With Prof. Liebman’s permission, I am posting here an extract from the Innovation article in which he explains the legal framework. Here’s the key part:
“[There are] three general circumstances under which defamation will be found: (1) where the content of news reports is ‘seriously mistaken’ or, in the case of critical news reports, where the ‘basic content’ of such reports is incorrect, and such mistakes or inaccuracies result in harm to reputation, (2) where insulting or slanderous language results in harm to reputation, or (3) where unauthorized revelation of personal details causes harm to reputation. [This suggests] that, although the truth of a media report may be a defense to a claim of harm to reputation, truth is not a defense where the alleged defamation results from insulting words or from revelation of personal details.” (Internal footnote omitted.)
Although China promulgated its Tort Law after Prof. Liebman’s article was published, it doesn’t change the accuracy of this summary. The Tort Law protects the right to reputation and dignity, but with no details, so presumably pre-existing interpretations still apply.
Here are the key refinements to this summary:
- “There is no public person doctrine in Chinese defamation law (although some within China have called for the adoption of such a standard, and a small number of courts have in effect adopted such a standard in individual cases).” (Liebman, personal communication.)
- “[The rule] that the media shall not be liable for critical reports that are ‘basically correct’ has permitted courts both to overlook significant errors in reporting and to base liability on minor errors.” (Liebman, Innovation.)
- “[J]ournalists complain that courts generally place the burden of proof on the media, forcing them to attempt to prove that even small details in their reports were correct.” (Liebman, Innovation.)
- Truth is a defense to a criminal libel charge. (Criminal Law, Art. 246; 《刑法学》，黎宏著，2012年版，第689页到第690页，北京，法律出版社; 《刑法各论》，周光权著，2008年版，第75页，北京，中国人民大学出版社.)
And what about the law in practice? Here’s the bottom line:
- “Chinese defamation law generally is pro-plaintiff, both in formal law and in application. Truth is not always a defense, and courts have often in effect required that the media prove the veracity of statements. There is also significant wiggle room in the relevant Supreme People’s Court Explanation when it comes to defining whether the ‘basic content’ of media reports was correct or not. Chinese journalists have often complained that the legal framework governing defamation claims puts them at a significant disadvantage when they are sued.” (Liebman, personal communication.)
- “Defamation has often been used by officials in response to negative media reports. However, officials who have brought such suits have virtually all been low-ranking, and the targets of such lawsuits have been domestic media. I am not aware of prior suits brought by senior officials or of suits against foreign media.” (Liebman, personal communication.)
So where does this leave us?
- Truth is a defense to criminal liability.
- Truth is sometimes a defense to civil liability.
- Truth is not a defense where insulting language has been used.
- Truth is not a defense where the complaint is of harm to reputation caused by the unauthorized revelation of personal details.
- Even in the absence of political considerations, Chinese defamation law is generally sympathetic to plaintiffs.
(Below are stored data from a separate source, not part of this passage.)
(* For every $\sigma\in S_t$, the pattern set $\{(\sigma,[t-1])\}$ (the consecutive pattern $\sigma$) admits a finite enumeration scheme of depth $t$ in which every reversibly deletable set $R_p$ is either $\emptyset$ or $\{1\}$.
   Context: Vincular pattern $(\sigma,X)$, $\sigma\in S_\ell$, $X\subseteq[\ell-1]$: $\pi$ contains it if some subsequence $\pi_{i_1}\cdots\pi_{i_\ell}$ ($i_1<\dots<i_\ell$) is order-isomorphic to $\sigma$ with $i_{x+1}=i_x+1$ for $x\in X$. For $p\in S_k$ and $w\in[n]^k$ with distinct letters order-isomorphic to $p$, $S_n^B(p;w)$ is the set of $B$-avoiding $\pi\in S_n$ with $\pi_i=w_i$ ($i\le k$). Spacing vector $\vec g(n,w)$: $i$-th component $c_i-c_{i-1}-1$, $c_i$ the $i$-th smallest letter of $w$, $c_0=0,c_{k+1}=n+1$. $\vec v\in\mathbb{N}^{k+1}$ is a gap vector for $p$ w.r.t. $B$ if $S_n^B(p;w)=\emptyset$ whenever $\vec g(n,w)\ge\vec v$ componentwise. $d_R$ deletes the entries in positions $R$ and reduces (for words: subtract from each remaining letter the number of deleted letters smaller than it). $R\subseteq[k]$ is reversibly deletable for $p$ w.r.t. $B$ if, for every $n$ and $w$ with $S_n^B(p;w)\ne\emptyset$, $d_R$ is a bijection $S_n^B(p;w)\to S_{n-|R|}^B(d_R(p);d_R(w))$. A child of $p\in S_k$ is any $p'\in S_{k+1}$ with $p'_1\cdots p'_k$ order-isomorphic to $p$. An enumeration scheme for $B$ is a set $E$ of triples $(p,G_p,R_p)$, $p$ a permutation, $G_p$ a set of gap vectors for $p$ w.r.t. $B$, $R_p$ a reversibly deletable set for $p$ w.r.t. $B$, such that: $(\epsilon,\emptyset,\emptyset)\in E$ ($\epsilon$ the empty permutation); if $(p,G_p,R_p)\in E$ with $R_p=\emptyset$ and $\vec 0\notin G_p$ then every child of $p$ occurs as the first entry of a triple in $E$; if $R_p\ne\emptyset$ then $d_{R_p}(p)$ occurs as the first entry of a triple in $E$. Its depth is the maximum length of a $p$ occurring in $E$. *)

theory Defs
  imports Main
begin

text \<open>Permutations and words are lists of natural numbers; letters are
1-based (a permutation of length n has letter set {1..n}); positions in the paper are
1-based, so position i corresponds to list index i-1.\<close>

definition is_perm :: "nat \<Rightarrow> nat list \<Rightarrow> bool" where
  "is_perm n \<pi> \<longleftrightarrow> distinct \<pi> \<and> set \<pi> = {1..n}"

definition order_iso :: "nat list \<Rightarrow> nat list \<Rightarrow> bool" where
  "order_iso a b \<longleftrightarrow> length a = length b \<and>
     (\<forall>i<length a. \<forall>j<length a. (a!i < a!j) = (b!i < b!j))"

text \<open>Vincular pattern (sigma, X) with X a set of 1-based adjacency requirements:
for x in X, i_(x+1) = i_x + 1.  Here idx is the 0-based list of chosen positions.\<close>
definition contains_vinc :: "nat list \<Rightarrow> nat list \<Rightarrow> nat set \<Rightarrow> bool" where
  "contains_vinc \<pi> \<sigma> X \<longleftrightarrow>
     (\<exists>idx. length idx = length \<sigma> \<and> sorted_wrt (<) idx \<and> (\<forall>i\<in>set idx. i < length \<pi>) \<and>
        order_iso (map (\<lambda>i. \<pi>!i) idx) \<sigma> \<and>
        (\<forall>x\<in>X. idx!x = idx!(x-1) + 1))"

definition avoids :: "(nat list \<times> nat set) set \<Rightarrow> nat list \<Rightarrow> bool" where
  "avoids B \<pi> \<longleftrightarrow> (\<forall>(\<sigma>,X)\<in>B. \<not> contains_vinc \<pi> \<sigma> X)"

definition admissible :: "nat \<Rightarrow> nat list \<Rightarrow> nat list \<Rightarrow> bool" where
  "admissible n p w \<longleftrightarrow> length w = length p \<and> distinct w \<and> set w \<subseteq> {1..n} \<and> order_iso w p"

definition SnB :: "(nat list \<times> nat set) set \<Rightarrow> nat \<Rightarrow> nat list \<Rightarrow> nat list set" where
  "SnB B n w = {\<pi>. is_perm n \<pi> \<and> avoids B \<pi> \<and> take (length w) \<pi> = w}"

definition gvec :: "nat \<Rightarrow> nat list \<Rightarrow> nat list" where
  "gvec n w = (let c = 0 # sort w @ [n+1] in map (\<lambda>i. c!(i+1) - c!i - 1) [0..<length w + 1])"

definition is_gap_vector :: "(nat list \<times> nat set) set \<Rightarrow> nat list \<Rightarrow> nat list \<Rightarrow> bool" where
  "is_gap_vector B p v \<longleftrightarrow> length v = length p + 1 \<and>
     (\<forall>n w. admissible n p w \<and> list_all2 (\<le>) v (gvec n w) \<longrightarrow> SnB B n w = {})"

text \<open>d_R: delete entries in (1-based) positions R and reduce.\<close>
definition del :: "nat set \<Rightarrow> nat list \<Rightarrow> nat list" where
  "del R xs = (let kept = [xs!i. i \<leftarrow> [0..<length xs], Suc i \<notin> R];
                   gone = [xs!i. i \<leftarrow> [0..<length xs], Suc i \<in> R]
               in map (\<lambda>a. a - length (filter (\<lambda>b. b < a) gone)) kept)"

definition rev_deletable :: "(nat list \<times> nat set) set \<Rightarrow> nat list \<Rightarrow> nat set \<Rightarrow> bool" where
  "rev_deletable B p R \<longleftrightarrow> R \<subseteq> {1..length p} \<and>
     (\<forall>n w. admissible n p w \<and> SnB B n w \<noteq> {} \<longrightarrow>
        bij_betw (del R) (SnB B n w) (SnB B (n - card R) (del R w)))"

definition is_child :: "nat list \<Rightarrow> nat list \<Rightarrow> bool" where
  "is_child p p' \<longleftrightarrow> is_perm (length p + 1) p' \<and> order_iso (take (length p) p') p"
lemma
  shows density_noise_density:
      "u \<in> support_U \<Longrightarrow> density output_law (\<lambda>y. ennreal (noise_density u y)) = noise_law u"
    and sum_noise_density: "AE y in output_law. (\<Sum>u\<in>support_U. pU u * noise_density u y) = 1"
proof -
  have fin: "finite support_U" using finite_Fu unfolding support_U_def by simp
  have prob: "prob_space (noise_law u)" if "u \<in> support_U" for u
    using that prob_space_noise_law unfolding support_U_def by simp
  have sets: "sets (noise_law u) = sets output_law" for u
    unfolding noise_law_def by simp
  have pos: "0 < pU u" if "u \<in> support_U" for u
    using that unfolding support_U_def by simp
  have mix: "measure output_law B = (\<Sum>u\<in>support_U. pU u * measure (noise_law u) B)"
    if "B \<in> sets output_law" for B
    using that by (intro measure_output_law) simp
  note mixture = finite_mixture_RN_deriv[OF prob_space_output_law fin prob sets pos mix]
  show "u \<in> support_U \<Longrightarrow> density output_law (\<lambda>y. ennreal (noise_density u y)) = noise_law u"
    unfolding noise_density_def by (rule mixture(1))
  show "AE y in output_law. (\<Sum>u\<in>support_U. pU u * noise_density u y) = 1"
    unfolding noise_density_def by (rule mixture(2))
qed

lemma measurable_noise_density[measurable]: "noise_density u \<in> borel_measurable T"
  using borel_measurable_RN_deriv[of output_law "noise_law u"]
  unfolding noise_density_def by (simp cong: measurable_cong_sets)

lemma noise_density_nonneg: "0 \<le> noise_density u y"
  unfolding noise_density_def by simp

lemma integrable_noise_density: "u \<in> support_U \<Longrightarrow> integrable output_law (noise_density u)"
  using prob_space.axioms(1)[OF prob_space_noise_law] density_noise_density noise_density_nonneg
  by (intro integrable_density_finite_measure) (auto simp: support_U_def cong: measurable_cong_sets)

lemma set_integral_noise_density:
  "u \<in> support_U \<Longrightarrow> B \<in> sets T \<Longrightarrow> (LINT y:B|output_law. noise_density u y) = measure (noise_law u) B"
  using noise_density_nonneg
  by (simp add: set_integral_density_eq_measure density_noise_density cong: measurable_cong_sets)

lemma integral_noise_density_combination:
  assumes B: "B \<in> sets T"
  shows "integrable output_law (\<lambda>y. \<Sum>u\<in>support_U. c u * noise_density u y)"
    and "(\<integral>y. (\<Sum>u\<in>support_U. c u * noise_density u y) * indicator B y \<partial>output_law) =
      (\<Sum>u\<in>support_U. c u * measure (noise_law u) B)"
proof -
  show "integrable output_law (\<lambda>y. \<Sum>u\<in>support_U. c u * noise_density u y)"
    using integrable_noise_density by auto
  have "(\<lambda>y. (\<Sum>u\<in>support_U. c u * noise_density u y) * indicator B y) =
      (\<lambda>y. \<Sum>u\<in>support_U. c u * (indicator B y * noise_density u y))"
    unfolding sum_distrib_right by (simp add: mult_ac)
  moreover have "integrable output_law (\<lambda>y. indicator B y * noise_density u y)"
    if "u \<in> support_U" for u
    using integrable_real_mult_indicator[OF _ integrable_noise_density[OF that]] B
    by (simp add: mult_ac)
  ultimately have "(\<integral>y. (\<Sum>u\<in>support_U. c u * noise_density u y) * indicator B y \<partial>output_law) =
      (\<Sum>u\<in>support_U. c u * (LINT y:B|output_law. noise_density u y))"
    by (simp add: Bochner_Integration.integral_sum set_lebesgue_integral_def)
  also have "\<dots> = (\<Sum>u\<in>support_U. c u * measure (noise_law u) B)"
    using B by (simp add: set_integral_noise_density)
  finally show "(\<integral>y. (\<Sum>u\<in>support_U. c u * noise_density u y) * indicator B y \<partial>output_law) = \<dots>" .
qed

lemma measurable_joint_density[measurable]: "joint_density \<in> borel_measurable (S \<Otimes>\<^sub>M T)"
  unfolding joint_density_def by measurable

lemma joint_density_nonneg: "0 \<le> joint_density z"
  unfolding joint_density_def
  by (intro sum_nonneg mult_nonneg_nonneg cond_prob_nonneg noise_density_nonneg)

lemma measurable_joint_density_product_law[measurable]:
  "joint_density \<in> borel_measurable product_law"
  by (simp only: measurable_cong_sets[OF sets_product_law refl]) measurable

lemma
  assumes E: "E \<in> sets (S \<Otimes>\<^sub>M T)"
  shows integrable_joint_density_indicator:
      "integrable product_law (\<lambda>z. joint_density z * indicator E z)"
    and integral_joint_density_indicator: "(\<integral>z. joint_density z * indicator E z \<partial>product_law) =
      prob {\<omega>\<in>space M. (X \<omega>, shift (U \<omega>) (Z \<omega>)) \<in> E}"
proof -
  define H where "H z = joint_density z * indicator E z" for z
  have "H \<in> borel_measurable (S \<Otimes>\<^sub>M T)" unfolding H_def using E by measurable
  then have H_measurable: "H \<in> borel_measurable (S \<Otimes>\<^sub>M output_law)"
    by (simp only: measurable_cong_sets[OF sets_pair_output_law refl])
  have H_section:
    "H (x, y) = (\<Sum>u\<in>support_U. cond_prob x u * noise_density u y) * indicator (Pair x -` E) y"
    for x y unfolding H_def joint_density_def by (simp add: indicator_def)
  note section_integrals =
    integral_noise_density_combination[OF sets_Pair1[OF E], of "cond_prob x" for x]
  have "integrable output_law (\<lambda>y. H (x, y))" for x
    unfolding H_section using sets_Pair1[OF E] section_integrals(1)
    by (intro integrable_real_mult_indicator) auto
  note H = integral_pair_distr_finite_valued[OF X_measurable finite_Fx X_in_Fx singleton_in_S
      prob_space_imp_sigma_finite[OF prob_space_output_law] H_measurable this]
  show "integrable product_law (\<lambda>z. joint_density z * indicator E z)"
    using H(1) unfolding product_law_def H_def .
  have "(\<integral>z. joint_density z * indicator E z \<partial>product_law) =
      (\<Sum>x\<in>Fx. pX x * (\<integral>y. H (x, y) \<partial>output_law))"
    using H(2) unfolding product_law_def pX_def H_def .
  also have "\<dots> = (\<Sum>x\<in>Fx. \<Sum>u\<in>support_U. pXU x u * measure (noise_law u) (Pair x -` E))"
    unfolding H_section section_integrals(2)
    by (intro sum.cong refl) (simp add: sum_distrib_left mult.assoc[symmetric] pX_mult_cond_prob)
  also have "\<dots> = prob {\<omega>\<in>space M. (X \<omega>, shift (U \<omega>) (Z \<omega>)) \<in> E}"
    by (rule prob_joint_output[OF E, symmetric])
  finally show "(\<integral>z. joint_density z * indicator E z \<partial>product_law) = \<dots>" .
qed

lemma density_joint_density:
  "density product_law (\<lambda>z. ennreal (joint_density z)) =
    distr M (S \<Otimes>\<^sub>M T) (\<lambda>\<omega>. (X \<omega>, shift (U \<omega>) (Z \<omega>)))"
proof (rule measure_eqI)
  fix E assume "E \<in> sets (density product_law (\<lambda>z. ennreal (joint_density z)))"
  then have E: "E \<in> sets (S \<Otimes>\<^sub>M T)" by (simp add: sets_product_law)
  have "emeasure (density product_law (\<lambda>z. ennreal (joint_density z))) E =
      (\<integral>\<^sup>+z. ennreal (joint_density z * indicator E z) \<partial>product_law)"
    using E
    by (subst emeasure_density) (auto simp: sets_product_law indicator_mult_ennreal mult.commute)
  also have "\<dots> = ennreal (\<integral>z. joint_density z * indicator E z \<partial>product_law)"
    using integrable_joint_density_indicator[OF E]
    by (intro nn_integral_eq_integral) (auto simp: joint_density_nonneg)
  also have "\<dots> = emeasure (distr M (S \<Otimes>\<^sub>M T) (\<lambda>\<omega>. (X \<omega>, shift (U \<omega>) (Z \<omega>)))) E"
    using E unfolding integral_joint_density_indicator[OF E]
    by (subst emeasure_distr) (auto simp: emeasure_eq_measure intro!: arg_cong[where f=prob])
  finally show "emeasure (density product_law (\<lambda>z. ennreal (joint_density z))) E = \<dots>" .
qed (simp add: sets_product_law)

lemma mutual_information_eq_integral:
  assumes "1 < b"
  shows "mutual_information b S T X (\<lambda>\<omega>. shift (U \<omega>) (Z \<omega>)) =
    (\<integral>z. joint_density z * log b (joint_density z) \<partial>product_law)"
proof -
  interpret P: prob_space product_law by (rule prob_space_product_law)
  have "KL_divergence b product_law (density product_law (\<lambda>z. ennreal (joint_density z))) =
      (\<integral>z. joint_density z * log b (joint_density z) \<partial>product_law)"
    using assms by (intro P.KL_density) (auto simp: joint_density_nonneg)
  then have "KL_divergence b product_law (distr M (S \<Otimes>\<^sub>M T) (\<lambda>\<omega>. (X \<omega>, shift (U \<omega>) (Z \<omega>)))) =
      (\<integral>z. joint_density z * log b (joint_density z) \<partial>product_law)"
    unfolding density_joint_density .
  then show ?thesis
    unfolding mutual_information_def product_law_def output_law_def .
qed

lemma joint_density_log_le:
  assumes "1 < b"
  shows "AE z in product_law. joint_density z * log b (joint_density z) \<le> log_sum_bound b z"
proof -
  interpret D: prob_space "distr M S X" by (rule prob_space_distr) simp
  interpret O: prob_space output_law by (rule prob_space_output_law)
  interpret pair_prob_space "distr M S X" output_law ..
  have sets: "sets (distr M S X \<Otimes>\<^sub>M output_law) = sets (S \<Otimes>\<^sub>M T)"
    using sets_product_law unfolding product_law_def .
  have "{z \<in> space (S \<Otimes>\<^sub>M T). (\<Sum>u\<in>support_U. pU u * noise_density u (snd z)) = 1} \<in> sets (S \<Otimes>\<^sub>M T)"
    by measurable
  then have "AE z in product_law. (\<Sum>u\<in>support_U. pU u * noise_density u (snd z)) = 1"
    unfolding product_law_def using sum_noise_density
    by (intro AE_pair_measure) (auto simp: sets sets_eq_imp_space_eq[OF sets])
  then show ?thesis
  proof eventually_elim
    case (elim z)
    have "finite support_U" using finite_Fu by (simp add: support_U_def)
    then show ?case unfolding joint_density_def log_sum_bound_def
      using elim assms cond_prob_nonneg noise_density_nonneg
      by (intro log_sum_inequality) (auto simp: support_U_def mult_ac)
  qed
qed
The countervailing value of free speech just doesn’t cut a lot of ice; Chinese law doesn’t worry much about overbreadth and chilling effects.
- No officials of Wen’s stature have brought defamation suits against foreign media before. I suspect, but do not know for sure, that this holds true for immediate relatives of officials of Wen’s stature.
Thus, if Wen or his relatives were ordinary folks without political influence (impossible to imagine, of course, given that we are not relaxing the wealth condition in the hypothetical), it seems to me that it could go either way. It’s possible although by no means certain that they could win a suit in China even if the statements in the NYT article are accurate. A court might plausibly find that the amount and nature of one’s wealth are protected personal information. (I have not checked, however, to see if there are any cases that address this particular question.) If not, though, then the other conditions for liability don’t seem to be met; it’s hard to argue that the article uses insulting language of the kind that has gotten defendants into trouble before.If, of course, the statements are not accurate, then their chances of winning go up quite a bit. The courts are already sympathetic to plaintiffs, and there is no public figure doctrine that gives the press extra leeway to make mistakes. Finally, there is no cost to courts in making a foreign press organization liable in tort, whereas domestic press organizations have a certain amount of clout.
Tuesday, October 30, 2012
More notes on the continuing saga of the Wen family fortune, which I've blogged about here and here. Lawyers retained by undisclosed members of the Wen family issued a statement denying parts of the story and containing a veiled threat of a lawsuit at the end. (The Want China Times reports that the lawyers have since stated they are acting on behalf of Wen's son, Wen Yunsong (Winston Wen).)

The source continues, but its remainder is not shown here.